Dataset entries
===
lemma frob_add_unit_mat: "frob (C + lam *\<^sub>R unit_mat i j) Y = frob C Y + lam * Y $ i $ j"
proof -
  have "(C + lam *\<^sub>R unit_mat i j) $ a $ b * Y $ a $ b
      = C $ a $ b * Y $ a $ b + (if b = j then if a = i then lam * Y $ a $ b else 0 else 0)" for a b
    by (simp add: unit_mat_def distrib_right)
  then show ?thesis by (simp add: frob_def sum.distrib)
qed

definition reg_minimizer ::
    "real ^ 'n \<Rightarrow> real ^ 'n \<Rightarrow> real \<Rightarrow> (real \<Rightarrow> ereal) \<Rightarrow> real ^ 'n ^ 'n \<Rightarrow>
      real ^ 'n ^ 'n \<Rightarrow> bool"
  where "reg_minimizer \<mu> \<nu> \<gamma> \<phi> C X \<longleftrightarrow> X \<in> transport_polytope \<mu> \<nu> \<and>
    (\<forall>Y\<in>transport_polytope \<mu> \<nu>. reg_obj \<gamma> \<phi> C X \<le> reg_obj \<gamma> \<phi> C Y)"

lemma regOT_eq_The: "regOT \<mu> \<nu> \<gamma> \<phi> C = (THE X. reg_minimizer \<mu> \<nu> \<gamma> \<phi> C X)"
  by (simp add: regOT_def reg_minimizer_def)

lemma reg_minimizer_raise_cost_at_zero:
  assumes X: "reg_minimizer \<mu> \<nu> \<gamma> \<phi> C X" and "X $ i $ j = 0" "0 \<le> lam"
  shows "reg_minimizer \<mu> \<nu> \<gamma> \<phi> (C + lam *\<^sub>R unit_mat i j) X"
  unfolding reg_minimizer_def
proof (intro conjI ballI)
  show "X \<in> transport_polytope \<mu> \<nu>" using X by (simp add: reg_minimizer_def)
  have shift: "reg_obj \<gamma> \<phi> (C + lam *\<^sub>R unit_mat i j) Z
      = reg_obj \<gamma> \<phi> C Z + ereal (lam * Z $ i $ j)" for Z
    by (simp add: reg_obj_def frob_add_unit_mat ac_simps flip: plus_ereal.simps(1))
  fix Y assume Y: "Y \<in> transport_polytope \<mu> \<nu>"
  have "reg_obj \<gamma> \<phi> (C + lam *\<^sub>R unit_mat i j) X = reg_obj \<gamma> \<phi> C X"
    using shift \<open>X $ i $ j = 0\<close> by simp
  also have "\<dots> \<le> reg_obj \<gamma> \<phi> C Y" using X Y by (simp add: reg_minimizer_def)
  also have "\<dots> \<le> reg_obj \<gamma> \<phi> C Y + ereal (lam * Y $ i $ j)"
    using transport_entry_nonneg[OF Y, of i j] \<open>0 \<le> lam\<close> by (simp add: add_increasing2)
  also have "\<dots> = reg_obj \<gamma> \<phi> (C + lam *\<^sub>R unit_mat i j) Y" using shift by simp
  finally show "reg_obj \<gamma> \<phi> (C + lam *\<^sub>R unit_mat i j) X
      \<le> reg_obj \<gamma> \<phi> (C + lam *\<^sub>R unit_mat i j) Y" .
qed

lemma ex1_reg_minimizer_interior:
  assumes \<mu>: "prob_vec \<mu>" and \<nu>: "prob_vec \<nu>" and "\<gamma> > 0" and B: "bregman_assumption \<phi>"
    and entries: "\<And>X a b. X \<in> transport_polytope \<mu> \<nu> \<Longrightarrow> X $ a $ b \<in> interior (edom \<phi>)"
  shows "\<exists>!X. reg_minimizer \<mu> \<nu> \<gamma> \<phi> C X"
proof -
  let ?P = "transport_polytope \<mu> \<nu>"
  let ?D = "interior (edom \<phi>)"
  define g where "g X = frob C X + \<gamma> * sum_entries (phir \<phi>) X" for X
  have "proper_fun \<phi>" using B by (simp add: bregman_assumption_def legendre_type_def)
  then have reg: "reg_obj \<gamma> \<phi> C X = ereal (g X)" if "X \<in> ?P" for X
    unfolding g_def by (rule reg_obj_eq_ereal) (use entries[OF that] interior_subset in blast)
  have "continuous_on ?D (phir \<phi>)"
    using B by (auto simp: bregman_assumption_def differentiable_imp_continuous_within
        intro!: continuous_at_imp_continuous_on)
  then have "continuous_on ?P (\<lambda>X. phir \<phi> (X $ a $ b))" for a b
    by (rule continuous_on_compose2) (use entries in \<open>auto intro!: continuous_intros\<close>)
  then have cont: "continuous_on ?P g"
    unfolding g_def frob_def sum_entries_def by (intro continuous_intros)
  have strict: "g (midpoint X Y) < (g X + g Y) / 2" if "X \<in> ?P" "Y \<in> ?P" "X \<noteq> Y" for X Y
  proof -
    have "strictly_convex_on ?D (phir \<phi>)"
      using B by (simp add: bregman_assumption_def legendre_type_def)
    from sum_entries_midpoint_less[OF this entries[OF that(1)] entries[OF that(2)] that(3)]
    have "\<gamma> * sum_entries (phir \<phi>) (midpoint X Y)
        < \<gamma> * ((sum_entries (phir \<phi>) X + sum_entries (phir \<phi>) Y) / 2)"
      using \<open>\<gamma> > 0\<close> by (rule mult_strict_left_mono)
    then show ?thesis by (simp add: g_def frob_midpoint field_simps)
  qed
  have "?P \<noteq> {}" using product_coupling_in_transport_polytope[OF \<mu> \<nu>] by blast
  from ex1_minimizer_strict_midpoint_convex[OF compact_transport_polytope[OF \<mu>]
      convex_transport_polytope this cont strict]
  show ?thesis by (simp add: reg_minimizer_def reg cong: conj_cong)
qed

lemma ex1_reg_minimizer:
  assumes \<mu>: "prob_vec \<mu>" and \<nu>: "prob_vec \<nu>" and "\<gamma> > 0" and B: "bregman_assumption \<phi>"
    and L: "\<exists>L::real. (deriv (phir \<phi>) \<longlongrightarrow> L) (at_right 0)"
  shows "\<exists>!X. reg_minimizer \<mu> \<nu> \<gamma> \<phi> C X"
proof (cases "\<exists>a b. \<mu> $ a = 1 \<and> \<nu> $ b = 1")
  \<comment> \<open>a point-mass polytope is the only case where an entry can reach 1, possibly outside dom \<open>\<phi>\<close>\<close>
  case True
  then obtain a b where "\<mu> $ a = 1" "\<nu> $ b = 1" by blast
  then have P: "transport_polytope \<mu> \<nu> = {unit_mat a b}"
    using transport_polytope_point_mass \<mu> \<nu> by blast
  show ?thesis
    unfolding reg_minimizer_def P by (intro ex1I[of _ "unit_mat a b"]) simp_all
next
  case False
  have "X $ a $ b \<in> interior (edom \<phi>)" if X: "X \<in> transport_polytope \<mu> \<nu>" for X a b
  proof -
    have "0 \<le> X $ a $ b" using transport_entry_nonneg[OF X] .
    moreover have "X $ a $ b \<le> \<mu> $ a" "\<mu> $ a \<le> 1" "X $ a $ b \<le> \<nu> $ b" "\<nu> $ b \<le> 1"
      using transport_entry_le_row[OF X] prob_vec_le_1[OF \<mu>]
        transport_entry_le_col[OF X] prob_vec_le_1[OF \<nu>] by auto
    then have "X $ a $ b < 1" using False by (smt (verit))
    moreover have "0 \<in> interior (edom \<phi>)" using zero_in_interior_edom[OF B L] .
    moreover have "{0<..<1} \<subseteq> interior (edom \<phi>)" using B by (simp add: bregman_assumption_def)
    ultimately show ?thesis by (cases "X $ a $ b = 0") auto
  qed
  then show ?thesis using ex1_reg_minimizer_interior[OF \<mu> \<nu> \<open>\<gamma> > 0\<close> B] by blast
qed

theorem proposition5:
  fixes \<mu> \<nu> :: "real ^ 'n" and \<gamma> :: real and \<phi> :: "real \<Rightarrow> ereal"
    and Chat :: "real ^ 'n ^ 'n" and i j :: 'n
  assumes "prob_vec \<mu>" and "prob_vec \<nu>" and "\<gamma> > 0"
    and "bregman_assumption \<phi>"
    and "\<exists>L::real. (deriv (phir \<phi>) \<longlongrightarrow> L) (at_right 0)"
    and "regOT \<mu> \<nu> \<gamma> \<phi> Chat $ i $ j = 0"
  shows "\<forall>lam>0. regOT \<mu> \<nu> \<gamma> \<phi> (Chat + lam *\<^sub>R unit_mat i j) = regOT \<mu> \<nu> \<gamma> \<phi> Chat"
proof (intro allI impI)
  fix lam :: real assume "lam > 0"
  have unique: "\<exists>!X. reg_minimizer \<mu> \<nu> \<gamma> \<phi> C X" for C
    using ex1_reg_minimizer[OF assms(1-5)] .
  have "reg_minimizer \<mu> \<nu> \<gamma> \<phi> Chat (regOT \<mu> \<nu> \<gamma> \<phi> Chat)"
    unfolding regOT_eq_The by (rule theI'[OF unique])
  then have "reg_minimizer \<mu> \<nu> \<gamma> \<phi> (Chat + lam *\<^sub>R unit_mat i j) (regOT \<mu> \<nu> \<gamma> \<phi> Chat)"
    by (rule reg_minimizer_raise_cost_at_zero) (use assms(6) \<open>lam > 0\<close> in auto)
  then show "regOT \<mu> \<nu> \<gamma> \<phi> (Chat + lam *\<^sub>R unit_mat i j) = regOT \<mu> \<nu> \<gamma> \<phi> Chat"
    unfolding regOT_eq_The[of _ _ _ _ "Chat + lam *\<^sub>R unit_mat i j"]
    by (rule the1_equality[OF unique])
qed

end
===
■ What you are asked to do
Scan the records above for the string "rule", then report every line that contains it.

■ Answer section
    unfolding g_def by (rule reg_obj_eq_ereal) (use entries[OF that] interior_subset in blast)
    by (rule continuous_on_compose2) (use entries in \<open>auto intro!: continuous_intros\<close>)
      using \<open>\<gamma> > 0\<close> by (rule mult_strict_left_mono)
    unfolding regOT_eq_The by (rule theI'[OF unique])
    by (rule reg_minimizer_raise_cost_at_zero) (use assms(6) \<open>lam > 0\<close> in auto)
    by (rule the1_equality[OF unique])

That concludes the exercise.